FIG. 6 illustrates the internal configuration of the NC lathe 1, mainly the machining unit 122 in the machining chamber 120. The machining unit 122 includes the headstock 45 on which the main spindle 62 is mounted, the backworking attachment 53 on which the back spindle 72 is mounted, a guide bush (GB) 100, and the tool post 44 on which a tool 44a is mounted.
Here, the axis of the main spindle 62 and the back spindle 72 is the Z-axis direction, which is the left and right direction in FIG. 6. The X-axis direction, which is perpendicular to the Z-axis direction, is the upper and lower direction in FIG. 6. The Y-axis direction, which is perpendicular to the Z-axis direction and the X-axis direction, is the perpendicular direction to the paper plane of FIG. 6.
The headstock 45 is adapted to be moved in the axis direction of the main spindle 62 (the Z-axis direction) along with the main spindle 62, which is mounted on a predetermined height of the headstock 45. The main spindle 62, at the front end thereof, has a collet 62a releasably chucking a long bar material (the workpiece W1), which is supplied from the rear side (the left side in FIG. 6) of the main spindle 62. Hereinafter, the plus (+) direction of the Z-axis (the right direction in FIG. 6) is called the forward direction.
The GB 100 has a center through-hole, in which the workpiece W1 chucked by the collet 62a and protruding from the main spindle 62 toward the forward direction is inserted. The GB 100 slidably supports the workpiece W1 so that the workpiece W1 may slide in the Z-axis direction. The GB 100, with the workpiece W1 inserted therethrough, is rotatable with respect to the same rotation axis as the main spindle 62.
The tool 44a for machining the protruded workpiece W1 is mounted on the tool post 44, which is arranged above the GB 100. The tool post 44 may accommodate a plurality of tools either simultaneously or in an exchangeable way. The tools include a turning tool for front machining and a cut-off tool. The tool post 44 is movable in the X-axis direction and Y-axis direction along with the tool 44a.
The backworking attachment 53, which is disposed opposite to the headstock 45 with the GB 100 arranged therebetween, is movable in the axis direction of the back spindle 72 (the Z-axis direction) along with the back spindle 72, which is mounted on a predetermined height of the backworking attachment 53. The back spindle 72 , at the front end thereof, has a collet 72a releasably chucking the workpiece W1. Further, another tool post which accommodates tools for machining the rear face of the workpiece W1 gripped by the back spindle 72, may be provided near the backworking attachment 53.
The configuration of the machining unit 122 and the moving direction thereof are not limited to the forgoing.

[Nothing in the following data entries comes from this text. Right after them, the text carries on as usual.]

(* The set of operators $T\in\mathscr{L}(\mathscr{M}(\Omega))$ that are $\sigma(\mathscr{M}(\Omega),C_b(\Omega))$-continuous (equivalently, weakly continuous operators whose norm adjoint $T^*$ maps $C_b(\Omega)$ into $C_b(\Omega)$) is in general not a sublattice of $\mathscr{L}(\mathscr{M}(\Omega),\sigma)$: there exist a Polish space $\Omega$ (e.g. $\Omega=\{0\}\cup\{\pm 1/n:n\in\mathbb{N}\}\subset\mathbb{R}$) and a weakly continuous operator $T$ with $T^*C_b(\Omega)\subset C_b(\Omega)$ such that the weakly continuous operator associated with $\lvert k\rvert$ ($k$ the kernel of $T$) does not leave $C_b(\Omega)$ invariant under its adjoint, and moreover $T$ has no modulus in the ordered space of $\sigma(\mathscr{M}(\Omega),C_b(\Omega))$-continuous operators.
   Context: $\Omega$ Polish, $\mathscr{M}(\Omega)$ the finite signed Borel measures, $C_b(\Omega)$ the bounded continuous functions, $B_b(\Omega)$ the bounded Borel functions, with duality $\langle f,\mu\rangle=\int f\,d\mu$. A transition kernel is a map $k:\Omega\times\mathscr{B}(\Omega)\to\mathbb{R}$, signed measure in the second variable and Borel measurable in the first; bounded if $\sup_x\lvert k\rvert(x,\Omega)<\infty$. A weakly continuous operator is one of the form $(T\mu)(A)=\int k(x,A)\,d\mu(x)$ with $k$ a bounded transition kernel (its associated kernel); $\mathscr{L}(\mathscr{M}(\Omega),\sigma)$ is the space of these. Operators are ordered by positivity: $S\le T$ iff $S\mu\le T\mu$ for all positive $\mu$. *)

theory Defs
  imports "HOL-Analysis.Analysis"
begin

text \<open>Finite signed measures on a measurable space M, given as real-valued set functions
  (only their values on sets M matter).\<close>
definition signed_measure :: "'a measure \<Rightarrow> ('a set \<Rightarrow> real) \<Rightarrow> bool" where
  "signed_measure M \<mu> \<longleftrightarrow> \<mu> {} = 0 \<and>
     (\<forall>A :: nat \<Rightarrow> 'a set. range A \<subseteq> sets M \<longrightarrow> disjoint_family A \<longrightarrow>
        (\<lambda>i. \<mu> (A i)) sums \<mu> (\<Union>i. A i))"

definition positive_measure :: "'a measure \<Rightarrow> ('a set \<Rightarrow> real) \<Rightarrow> bool" where
  "positive_measure M \<mu> \<longleftrightarrow> signed_measure M \<mu> \<and> (\<forall>A\<in>sets M. 0 \<le> \<mu> A)"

(2) Cancelation of the interlock:

The interlock function causes inconvenience for the operator as the case may be. The NC apparatus 10 according to an embodiment of the present invention exceptionally allows the operator to cancel the interlock function to activate the machining unit 122 when a predetermined canceling condition is met, even if a predetermined interlock condition has been met (for example, even if the guard 130 remains opened).
FIG. 7 is a flow chart illustrating an interlock cancelation process executed by the NC apparatus 10 (CPU 10a) according to the application program APL. This process is executed in parallel with other processes (such as machining in accordance with the processing program P) in a multitasking environment when the NC lathe 1 is powered on. The interlock cancelation may be executed in whole or in part by the machining program P. The NC apparatus 10 executing steps S10 and S16 constitutes the interlock system U1. The NC apparatus 10 executing steps S14 and S18 constitutes the cancelation system U2.
At the beginning of the process, it is determined whether any of predetermined interlock conditions is met (Step S10). The predetermined interlock conditions include (A) the guard 130 is opened, which is a preferable condition, (B) a "non-automatic mode" (a predetermined operation mode) is selected, and (C) the guard 130 is opened or a "non-automatic mode" is selected (a combination of aforementioned conditions). The aforementioned condition (A) includes not only a case that the guard 130 remains opened (not closed) but a case that the opened guard 130 is closed and cancellation of the interlock function is not operated on the operation panel 20. The interlock condition may be met when the lamp 154 (the lighting apparatus 150) is on.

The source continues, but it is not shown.